lemma poisson_pp_at_least_two:
  assumes "poisson_pp M mu N" "A \<in> sets mu" "emeasure mu A < \<infinity>"
  shows "{\<omega>\<in>space M. \<not> (finite (N \<omega> \<inter> A) \<and> card (N \<omega> \<inter> A) \<le> 1)} \<in> sets M"
    and "measure M {\<omega>\<in>space M. \<not> (finite (N \<omega> \<inter> A) \<and> card (N \<omega> \<inter> A) \<le> 1)} \<le> (measure mu A)\<^sup>2"
proof -
  interpret prob_space M using poisson_pp_prob_space[OF assms(1)] .
  define E where "E k = {\<omega>\<in>space M. finite (N \<omega> \<inter> A) \<and> card (N \<omega> \<inter> A) = k}" for k
  define m where "m = measure mu A"
  have E: "E k \<in> sets M" "prob (E k) = m ^ k / fact k * exp (- m)" for k
    unfolding E_def m_def using poisson_pp_count_sets[OF assms] poisson_pp_count[OF assms] by auto
  have split: "{\<omega>\<in>space M. \<not> (finite (N \<omega> \<inter> A) \<and> card (N \<omega> \<inter> A) \<le> 1)} = space M - (E 0 \<union> E 1)"
    by (auto simp: E_def le_Suc_eq)
  show "{\<omega>\<in>space M. \<not> (finite (N \<omega> \<inter> A) \<and> card (N \<omega> \<inter> A) \<le> 1)} \<in> sets M"
    unfolding split using E by auto
  have "prob (E 0 \<union> E 1) = exp (- m) + m * exp (- m)"
    using E by (subst finite_measure_Union) (auto simp: E_def)
  then have "prob (space M - (E 0 \<union> E 1)) = 1 - (1 + m) * exp (- m)"
    using E by (subst prob_compl) (auto simp: algebra_simps)
  also have "\<dots> \<le> m\<^sup>2"
    \<comment> \<open>from \<open>1 - m \<le> exp (- m)\<close>\<close>
    using mult_right_mono[OF exp_ge_add_one_self[of "- m"], of "1 + m"]
    by (simp add: m_def algebra_simps power2_eq_square)
  finally show "prob {\<omega>\<in>space M. \<not> (finite (N \<omega> \<inter> A) \<and> card (N \<omega> \<inter> A) \<le> 1)} \<le> (measure mu A)\<^sup>2"
    unfolding split by (simp add: m_def)
qed

lemma measure_completion_squeeze:
  assumes "prob_space M" and B: "B1 \<in> sets M" "B2 \<in> sets M" "B1 \<subseteq> B2" and Z: "Z \<in> null_sets M"
    and S: "S \<subseteq> space M" "B1 - Z \<subseteq> S" "S - Z \<subseteq> B2"
    and measure_B: "measure M B1 = p" "measure M B2 = p"
  shows "measure (completion M) S = p"
proof -
  interpret prob_space M by fact
  have "measure M (B2 - B1) = 0" using finite_measure_Diff[OF B(2,1,3)] measure_B by simp
  then have "B2 - B1 \<in> null_sets M" using B(1,2) by (simp add: null_sets_def emeasure_eq_measure)
  moreover have "S - (B1 - Z) \<subseteq> (B2 - B1) \<union> Z" using S by blast
  ultimately have "S - (B1 - Z) \<in> null_sets (completion M)"
    using Z by (meson null_sets_completion_subset null_sets_completionI null_sets.Un)
  moreover have "S = (B1 - Z) \<union> (S - (B1 - Z))" using S by blast
  ultimately have "measure (completion M) S = measure (completion M) (B1 - Z)"
    using B(1) Z by (metis measure_Un_null_set sets.Diff sets_completionI_sets null_setsD2)
  also have "\<dots> = measure M (B1 - Z)" using B Z by (intro measure_completion) auto
  also have "\<dots> = p" using measure_Diff_null_set[OF B(1) Z] measure_B by simp
  finally show ?thesis .
qed

section \<open>The nearest point of a Poisson process with quadratic distance intensity\<close>

locale poisson_radial =
  fixes M :: "'w measure" and mu :: "'a measure" and N :: "'w \<Rightarrow> 'a set"
    and D :: "'a \<Rightarrow> real" and c :: real
  assumes poisson: "poisson_pp M mu N"
    and c_pos: "0 < c"
    and D_nonneg: "\<And>p. 0 \<le> D p"
    and sets_le: "\<And>a. {p. D p \<le> a} \<in> sets mu" and sets_less: "\<And>a. {p. D p < a} \<in> sets mu"
    and emeasure_le: "\<And>a. 0 \<le> a \<Longrightarrow> emeasure mu {p. D p \<le> a} = ennreal (c * a\<^sup>2)"
    and emeasure_less: "\<And>a. 0 \<le> a \<Longrightarrow> emeasure mu {p. D p < a} = ennreal (c * a\<^sup>2)"
begin

sublocale prob_space M
  using poisson by (rule poisson_pp_prob_space)

lemma
  assumes "0 \<le> a"
  shows void_le_sets: "{\<omega>\<in>space M. N \<omega> \<inter> {p. D p \<le> a} = {}} \<in> sets M"
    and prob_void_le: "prob {\<omega>\<in>space M. N \<omega> \<inter> {p. D p \<le> a} = {}} = exp (- c * a\<^sup>2)"
    and void_less_sets: "{\<omega>\<in>space M. N \<omega> \<inter> {p. D p < a} = {}} \<in> sets M"
    and prob_void_less: "prob {\<omega>\<in>space M. N \<omega> \<inter> {p. D p < a} = {}} = exp (- c * a\<^sup>2)"
  using poisson_pp_void_sets[OF poisson sets_le] poisson_pp_void[OF poisson sets_le]
    poisson_pp_void_sets[OF poisson sets_less] poisson_pp_void[OF poisson sets_less]
    emeasure_le[OF assms] emeasure_less[OF assms] c_pos assms
  by (simp_all add: measure_def)

lemma null_infinite: "0 \<le> a \<Longrightarrow> {\<omega>\<in>space M. infinite (N \<omega> \<inter> {p. D p \<le> a})} \<in> null_sets M"
  using emeasure_le by (intro poisson_pp_null_infinite[OF poisson sets_le]) auto

lemma null_point_at_zero: "{\<omega>\<in>space M. N \<omega> \<inter> {p. D p \<le> 0} \<noteq> {}} \<in> null_sets M"
proof -
  have "{\<omega>\<in>space M. N \<omega> \<inter> {p. D p \<le> 0} \<noteq> {}} = space M - {\<omega>\<in>space M. N \<omega> \<inter> {p. D p \<le> 0} = {}}"
    by auto
  then show ?thesis
    using void_le_sets[of 0] prob_void_le[of 0]
    by (simp add: null_sets_def emeasure_eq_measure prob_compl)
qed

lemma null_no_point: "(\<Inter>n. {\<omega>\<in>space M. N \<omega> \<inter> {p. D p \<le> real n} = {}}) \<in> null_sets M"
proof -
  let ?E = "\<lambda>n::nat. {\<omega>\<in>space M. N \<omega> \<inter> {p. D p \<le> real n} = {}}"
  have "prob (\<Inter>n. ?E n) \<le> exp (- c * (real n)\<^sup>2)" for n
    using void_le_sets prob_void_le[of "real n"] finite_measure_mono[of "\<Inter>n. ?E n" "?E n"] by auto
  moreover have "(\<lambda>n. exp (- c * (real n)\<^sup>2)) \<longlonglongrightarrow> 0"
    using c_pos by real_asymp
  ultimately have "prob (\<Inter>n. ?E n) \<le> 0"
    by (intro tendsto_lowerbound[where F=sequentially]) (auto intro: always_eventually)
  then show ?thesis
    using void_le_sets by (auto simp: null_sets_def emeasure_eq_measure intro: antisym)
qed

lemma measure_shell:
  assumes "0 \<le> a" "a \<le> b"
  shows "{p. a \<le> D p \<and> D p < b} \<in> sets mu" "emeasure mu {p. a \<le> D p \<and> D p < b} < \<infinity>"
    and "measure mu {p. a \<le> D p \<and> D p < b} = c * (b\<^sup>2 - a\<^sup>2)"
proof -
  have eq: "{p. a \<le> D p \<and> D p < b} = {p. D p < b} - {p. D p < a}" by auto
  have fin: "emeasure mu {p. D p < b} < \<infinity>" using emeasure_less[of b] assms by simp
  show "{p. a \<le> D p \<and> D p < b} \<in> sets mu" unfolding eq using sets_less by auto
  show "emeasure mu {p. a \<le> D p \<and> D p < b} < \<infinity>"
    unfolding eq using sets_less fin by (auto intro: le_less_trans[OF emeasure_mono])
  have "measure mu {p. a \<le> D p \<and> D p < b} = measure mu {p. D p < b} - measure mu {p. D p < a}"
    unfolding eq using sets_less fin assms by (intro measure_Diff) auto
  then show "measure mu {p. a \<le> D p \<and> D p < b} = c * (b\<^sup>2 - a\<^sup>2)"
    using emeasure_less assms c_pos by (simp add: measure_def algebra_simps)
qed
(* Let $n\ge 3$, $\beta>0$, $\gamma>1$ with $\beta\gamma<n$, let $p,q>0$ and $\sigma_1,\sigma_2\in(-\beta\gamma,\infty)$. Suppose that either (a) $pq\le(\gamma-1)^2$, or (b) $pq>(\gamma-1)^2$ and $\max\{q_0,p_0\}>\frac{n-\beta\gamma}{\gamma-1}$. Then for every pair of double bounded functions $c_1,c_2$, the system $$u(x)=c_1(x)W_{\beta,\gamma}(|y|^{\sigma_1}v^q)(x),\qquad v(x)=c_2(x)W_{\beta,\gamma}(|y|^{\sigma_2}u^p)(x),\qquad x\in\mathbb{R}^n,$$ has no positive solution. If moreover $\gamma\in(1,2]$, the same conclusion holds when $pq>(\gamma-1)^2$ and $\max\{q_0,p_0\}=\frac{n-\beta\gamma}{\gamma-1}$.
   Context: For $f\ge 0$, $f\in L^1_{loc}(\mathbb{R}^n)$, the Wolff potential is $W_{\beta,\gamma}(f)(x)=\int_0^\infty\Big(\frac{\int_{B_t(x)}f(y)\,dy}{t^{n-\beta\gamma}}\Big)^{\frac{1}{\gamma-1}}\frac{dt}{t}$, where $B_t(x)$ is the open ball of radius $t$ centered at $x$. A function $c:\mathbb{R}^n\to\mathbb{R}$ is double bounded if there is $C>0$ with $1/C\le c(x)\le C$ for all $x$. A solution of the system is a pair of nonnegative functions $u,v\in L^1_{loc}(\mathbb{R}^n)$ satisfying both equations for a.e. $x$; it is positive if $u,v>0$. When $pq\neq(\gamma-1)^2$, set $q_0=\frac{\beta\gamma(\gamma-1+q)+(\gamma-1)\sigma_1+\sigma_2 q}{pq-(\gamma-1)^2}$ and $p_0=\frac{\beta\gamma(\gamma-1+p)+(\gamma-1)\sigma_2+\sigma_1 p}{pq-(\gamma-1)^2}$. *)

theory Defs
  imports "HOL-Analysis.Analysis"
begin

definition locally_integrable :: "('a::euclidean_space \<Rightarrow> real) \<Rightarrow> bool" where
  "locally_integrable f \<longleftrightarrow> f \<in> borel_measurable lebesgue \<and>
     (\<forall>K. compact K \<longrightarrow> set_integrable lebesgue K f)"

definition double_bounded :: "('a \<Rightarrow> real) \<Rightarrow> bool" where
  "double_bounded c \<longleftrightarrow> (\<exists>C>0. \<forall>x. 1 / C \<le> c x \<and> c x \<le> C)"

definition wolff :: "real \<Rightarrow> real \<Rightarrow> ('a::euclidean_space \<Rightarrow> real) \<Rightarrow> 'a \<Rightarrow> ennreal" where
  "wolff \<beta> \<gamma> f x =
     (\<integral>\<^sup>+ t. indicator {0<..} t *
        (let I = (\<integral>\<^sup>+ y. indicator (ball x t) y * ennreal (f y) \<partial>lebesgue)
         in if I = top then top
            else ennreal ((enn2real I / t powr (real DIM('a) - \<beta> * \<gamma>)) powr (1 / (\<gamma> - 1)) / t))
      \<partial>lborel)"
(* Let $G$ be a $P_5$-free graph and let $C\subseteq V(G)$ be partitioned into independent sets $C_1,\dots,C_k$ of $G$. Let $D\subseteq C$ be such that $G[D]$ is connected, every vertex of $C$ is in $D$ or has a neighbor in $D$, and $D\cap C_r\neq\emptyset$ for every $r\in\{1,\dots,k\}$. Assume moreover that for every vertex $u\in V(G)\setminus C$ there exists $r\in\{1,\dots,k\}$ such that $u$ has no neighbor in $D\cap C_r$. Let $Y:=V(G)\setminus N[C]$. Then for every connected component $Y'$ of $G[Y]$, the vertex set $V(Y')$ is a module in $G$.
   Context: For $A\subseteq V(G)$, $N(A)$ is the set of vertices outside $A$ with a neighbor in $A$, and $N[A]=A\cup N(A)$. A set $M\subseteq V(G)$ is a module in $G$ if $N(u)\setminus M = N(v)\setminus M$ for all $u,v\in M$. A graph is $P_5$-free if it has no induced path on 5 vertices. *)

theory Defs
  imports Main
begin

definition graph :: "'a set \<Rightarrow> ('a \<Rightarrow> 'a \<Rightarrow> bool) \<Rightarrow> bool" where
  "graph V E \<longleftrightarrow> finite V \<and> (\<forall>u v. E u v \<longrightarrow> u \<in> V \<and> v \<in> V)
     \<and> (\<forall>u v. E u v \<longrightarrow> E v u) \<and> (\<forall>v. \<not> E v v)"

definition nbhd :: "'a set \<Rightarrow> ('a \<Rightarrow> 'a \<Rightarrow> bool) \<Rightarrow> 'a set \<Rightarrow> 'a set" where
  "nbhd V E A = {v \<in> V - A. \<exists>u\<in>A. E u v}"

definition cnbhd :: "'a set \<Rightarrow> ('a \<Rightarrow> 'a \<Rightarrow> bool) \<Rightarrow> 'a set \<Rightarrow> 'a set" where
  "cnbhd V E A = A \<union> nbhd V E A"

definition is_module :: "'a set \<Rightarrow> ('a \<Rightarrow> 'a \<Rightarrow> bool) \<Rightarrow> 'a set \<Rightarrow> bool" where
  "is_module V E M \<longleftrightarrow> M \<subseteq> V \<and>
     (\<forall>u\<in>M. \<forall>v\<in>M. nbhd V E {u} - M = nbhd V E {v} - M)"

definition P5_free :: "'a set \<Rightarrow> ('a \<Rightarrow> 'a \<Rightarrow> bool) \<Rightarrow> bool" where
  "P5_free V E \<longleftrightarrow> \<not> (\<exists>p. length p = 5 \<and> distinct p \<and> set p \<subseteq> V \<and>
     (\<forall>i<5. \<forall>j<5. E (p ! i) (p ! j) \<longleftrightarrow> (i = Suc j \<or> j = Suc i)))"

definition connected_set :: "('a \<Rightarrow> 'a \<Rightarrow> bool) \<Rightarrow> 'a set \<Rightarrow> bool" where
  "connected_set E S \<longleftrightarrow> S \<noteq> {} \<and>
     (\<forall>u\<in>S. \<forall>v\<in>S. (\<lambda>x y. x \<in> S \<and> y \<in> S \<and> E x y)\<^sup>*\<^sup>* u v)"

definition component_of :: "('a \<Rightarrow> 'a \<Rightarrow> bool) \<Rightarrow> 'a set \<Rightarrow> 'a set \<Rightarrow> bool" where
  "component_of E Y Y' \<longleftrightarrow> Y' \<subseteq> Y \<and> connected_set E Y' \<and>
     (\<forall>Z. Y' \<subseteq> Z \<and> Z \<subseteq> Y \<and> connected_set E Z \<longrightarrow> Z = Y')"

definition independent :: "('a \<Rightarrow> 'a \<Rightarrow> bool) \<Rightarrow> 'a set \<Rightarrow> bool" where
  "independent E S \<longleftrightarrow> (\<forall>x\<in>S. \<forall>y\<in>S. \<not> E x y)"

end

theory Submission
  imports Defs
begin

text \<open>
  Suppose some x outside a component Y' of G[Y] sees u \<in> Y' but not v \<in> Y'. Along a path
  from u to v inside Y' there is an edge y1 y2 with x adjacent to y1 only. By maximality of Y'
  and since Y' has no neighbours in C, x lies in N(C). If x sees D, then, as x misses all of
  the nonempty set D \<inter> C_r for some r, connectivity of D gives an edge d1 d2 of D with x
  adjacent to d1 only, and y2 y1 x d1 d2 is an induced P5. Otherwise x sees some c \<in> C - D, which
  has a neighbour d \<in> D, and y2 y1 x c d is an induced P5.
\<close>

lemma graph_sym: "graph V E \<Longrightarrow> E u v \<Longrightarrow> E v u"
  and graph_irrefl: "graph V E \<Longrightarrow> \<not> E v v"
  unfolding graph_def by blast+

lemma rtranclp_boundary_step:
  assumes "R\<^sup>*\<^sup>* a b" "P a" "\<not> P b"
  shows "\<exists>x y. R x y \<and> P x \<and> \<not> P y"
  using assms by (induction rule: rtranclp_induct) auto

lemma connected_set_splitting_edge:
  assumes "connected_set E S" "a \<in> S" "b \<in> S" "P a" "\<not> P b"
  shows "\<exists>s\<^sub>1\<in>S. \<exists>s\<^sub>2\<in>S. E s\<^sub>1 s\<^sub>2 \<and> P s\<^sub>1 \<and> \<not> P s\<^sub>2"
proof -
  have "(\<lambda>x y. x \<in> S \<and> y \<in> S \<and> E x y)\<^sup>*\<^sup>* a b"
    using assms(1-3) unfolding connected_set_def by blast
  then show ?thesis
    using rtranclp_boundary_step[where P = P] assms(4,5) by blast
qed

lemma connected_set_insert:
  assumes S: "connected_set E S" and y: "y \<in> S" and edges: "E x y" "E y x"
  shows "connected_set E (insert x S)"
  unfolding connected_set_def
proof (intro conjI ballI)
  let ?R = "\<lambda>a b. a \<in> insert x S \<and> b \<in> insert x S \<and> E a b"
  have path_in_S: "?R\<^sup>*\<^sup>* a b" if "a \<in> S" "b \<in> S" for a b
  proof -
    have "(\<lambda>a b. a \<in> S \<and> b \<in> S \<and> E a b)\<^sup>*\<^sup>* a b"
      using S that unfolding connected_set_def by blast
    then show ?thesis
      by (rule rtranclp_mono[THEN predicate2D, rotated]) auto
  qed
  have to_y: "?R\<^sup>*\<^sup>* a y" and from_y: "?R\<^sup>*\<^sup>* y a" if "a \<in> insert x S" for a
    using that path_in_S y edges by (auto intro: r_into_rtranclp)
  fix a b assume "a \<in> insert x S" "b \<in> insert x S"
  then show "?R\<^sup>*\<^sup>* a b"
    using to_y from_y by (blast intro: rtranclp_trans)
qed simp

lemma component_of_closed_adjacent:
  assumes "component_of E Y Y'" "y \<in> Y'" "x \<in> Y" "E x y" "E y x"
  shows "x \<in> Y'"
proof -
  have "connected_set E (insert x Y')"
    using assms connected_set_insert unfolding component_of_def by metis
  then have "insert x Y' = Y'"
    using assms unfolding component_of_def by blast
  then show ?thesis by blast
qed

lemma is_moduleI:
  assumes "M \<subseteq> V"
    and "\<And>u v x. u \<in> M \<Longrightarrow> v \<in> M \<Longrightarrow> x \<in> V - M \<Longrightarrow> E u x \<Longrightarrow> E v x"
  shows "is_module V E M"
  using assms unfolding is_module_def nbhd_def by blast

lemma P5_free_no_induced_path:
  assumes "P5_free V E" "graph V E"
    and "a \<in> V" "b \<in> V" "c \<in> V" "d \<in> V" "e \<in> V"
    and "E a b" "E b c" "E c d" "E d e"
    and "\<not> E a c" "\<not> E a d" "\<not> E a e" "\<not> E b d" "\<not> E b e" "\<not> E c e"
  shows False
proof -
  have sym: "\<And>u v. E u v \<Longrightarrow> E v u" and irr: "\<And>v. \<not> E v v"
    using assms(2) graph_sym graph_irrefl by metis+
  let ?p = "[a, b, c, d, e]"
  have "distinct ?p"
    using assms(8-17) sym irr by auto
  moreover have "\<forall>i<5. \<forall>j<5. E (?p ! i) (?p ! j) \<longleftrightarrow> (i = Suc j \<or> j = Suc i)"
    using assms(8-17) sym irr by (auto simp: eval_nat_numeral less_Suc_eq)
  ultimately have "\<exists>p. length p = 5 \<and> distinct p \<and> set p \<subseteq> V \<and>
     (\<forall>i<5. \<forall>j<5. E (p ! i) (p ! j) \<longleftrightarrow> (i = Suc j \<or> j = Suc i))"
    using assms(3-7) by (intro exI[of _ ?p]) simp
  then show False
    using assms(1) unfolding P5_free_def by blast
qed

lemma P5_free_nbhd_vertex_splits_no_edge:
  assumes G: "graph V E" and P5: "P5_free V E"
    and CV: "C \<subseteq> V" and DC: "D \<subseteq> C"
    and Dconn: "connected_set E D" and Ddom: "C \<subseteq> cnbhd V E D"
    and y: "y\<^sub>1 \<in> V - cnbhd V E C" "y\<^sub>2 \<in> V - cnbhd V E C" "E y\<^sub>1 y\<^sub>2"
    and x: "x \<in> nbhd V E C" "E y\<^sub>1 x" "\<not> E y\<^sub>2 x"
    and miss: "d' \<in> D" "\<not> E x d'"
  shows False
proof -
  have sym: "\<And>u v. E u v \<Longrightarrow> E v u"
    using G graph_sym by metis
  have xV: "x \<in> V" and xC: "x \<notin> C"
    using x(1) unfolding nbhd_def by auto
  have far: "\<not> E y c" "\<not> E c y" if "y \<in> {y\<^sub>1, y\<^sub>2}" "c \<in> C" for y c
    using that y sym unfolding cnbhd_def nbhd_def by blast+
  have induced_path: False
    if "a \<in> C" "b \<in> C" "E x a" "E a b" "\<not> E x b" for a b
    using P5_free_no_induced_path[OF P5 G, of y\<^sub>2 y\<^sub>1 x a b] that y x xV CV far sym by blast
  show False
  proof (cases "\<exists>d\<in>D. E x d")
    case True
    then obtain d where "d \<in> D" "E x d" by blast
    then obtain d\<^sub>1 d\<^sub>2 where "d\<^sub>1 \<in> D" "d\<^sub>2 \<in> D" "E d\<^sub>1 d\<^sub>2" "E x d\<^sub>1" "\<not> E x d\<^sub>2"
      using connected_set_splitting_edge[OF Dconn, where P = "E x"] miss by blast
    then show False
      using induced_path DC by blast
  next
    case False
    obtain c where c: "c \<in> C" "E x c"
      using x(1) sym unfolding nbhd_def by blast
    with False have "c \<notin> D" by blast
    then obtain d where "d \<in> D" "E c d"
      using c Ddom sym unfolding cnbhd_def nbhd_def by blast
    then show False
      using induced_path[of c d] c False DC by blast
  qed
qed

theorem claim4p4:
  fixes V :: "'a set" and E :: "'a \<Rightarrow> 'a \<Rightarrow> bool"
    and C D :: "'a set" and Cs :: "nat \<Rightarrow> 'a set" and k :: nat
  assumes G: "graph V E"
    and P5: "P5_free V E"
    and CV: "C \<subseteq> V"
    and Cpart: "C = (\<Union>r\<in>{1..k}. Cs r)"
    and Cdisj: "\<forall>r\<in>{1..k}. \<forall>s\<in>{1..k}. r \<noteq> s \<longrightarrow> Cs r \<inter> Cs s = {}"
    and Cind: "\<forall>r\<in>{1..k}. independent E (Cs r)"
    and DC: "D \<subseteq> C"
    and Dconn: "connected_set E D"
    and Ddom: "C \<subseteq> cnbhd V E D"
    and Dmeet: "\<forall>r\<in>{1..k}. D \<inter> Cs r \<noteq> {}"
    and outside: "\<forall>u\<in>V - C. \<exists>r\<in>{1..k}. \<not> (\<exists>w\<in>D \<inter> Cs r. E u w)"
  shows "\<forall>Y'. component_of E (V - cnbhd V E C) Y' \<longrightarrow> is_module V E Y'"
proof (intro allI impI)
  fix Y' assume comp: "component_of E (V - cnbhd V E C) Y'"
  then have Y': "Y' \<subseteq> V - cnbhd V E C" "connected_set E Y'"
    unfolding component_of_def by blast+
  have sym: "\<And>u v. E u v \<Longrightarrow> E v u"
    using G graph_sym by metis
  show "is_module V E Y'"
  proof (rule is_moduleI)
    fix u v x assume uv: "u \<in> Y'" "v \<in> Y'" and x: "x \<in> V - Y'" and "E u x"
    show "E v x"
    proof (rule ccontr)
      assume "\<not> E v x"
      then obtain y\<^sub>1 y\<^sub>2 where y: "y\<^sub>1 \<in> Y'" "y\<^sub>2 \<in> Y'" "E y\<^sub>1 y\<^sub>2" "E y\<^sub>1 x" "\<not> E y\<^sub>2 x"
        using connected_set_splitting_edge[OF Y'(2) uv, where P = "\<lambda>y. E y x"] \<open>E u x\<close> by blast
      have "x \<notin> V - cnbhd V E C"
        using component_of_closed_adjacent[OF comp y(1)] y(4) sym x by blast
      moreover have "x \<notin> C"
        using y(1,4) Y'(1) x sym unfolding cnbhd_def nbhd_def by blast
      ultimately have xN: "x \<in> nbhd V E C"
        using x unfolding cnbhd_def by blast
      obtain d' where "d' \<in> D" "\<not> E x d'"
        using outside Dmeet \<open>x \<notin> C\<close> x by blast
      then show False
        using P5_free_nbhd_vertex_splits_no_edge[OF G P5 CV DC Dconn Ddom _ _ y(3) xN y(4,5)]
          y(1,2) Y'(1) by blast
    qed
  qed (use Y'(1) in blast)
qed

end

**Work request**
Every line above that holds the word "noteq" should be copied out.

**Expected answer**
lemma null_point_at_zero: "{\<omega>\<in>space M. N \<omega> \<inter> {p. D p \<le> 0} \<noteq> {}} \<in> null_sets M"
  have "{\<omega>\<in>space M. N \<omega> \<inter> {p. D p \<le> 0} \<noteq> {}} = space M - {\<omega>\<in>space M. N \<omega> \<inter> {p. D p \<le> 0} = {}}"
  "connected_set E S \<longleftrightarrow> S \<noteq> {} \<and>
    and Cdisj: "\<forall>r\<in>{1..k}. \<forall>s\<in>{1..k}. r \<noteq> s \<longrightarrow> Cs r \<inter> Cs s = {}"
    and Dmeet: "\<forall>r\<in>{1..k}. D \<inter> Cs r \<noteq> {}"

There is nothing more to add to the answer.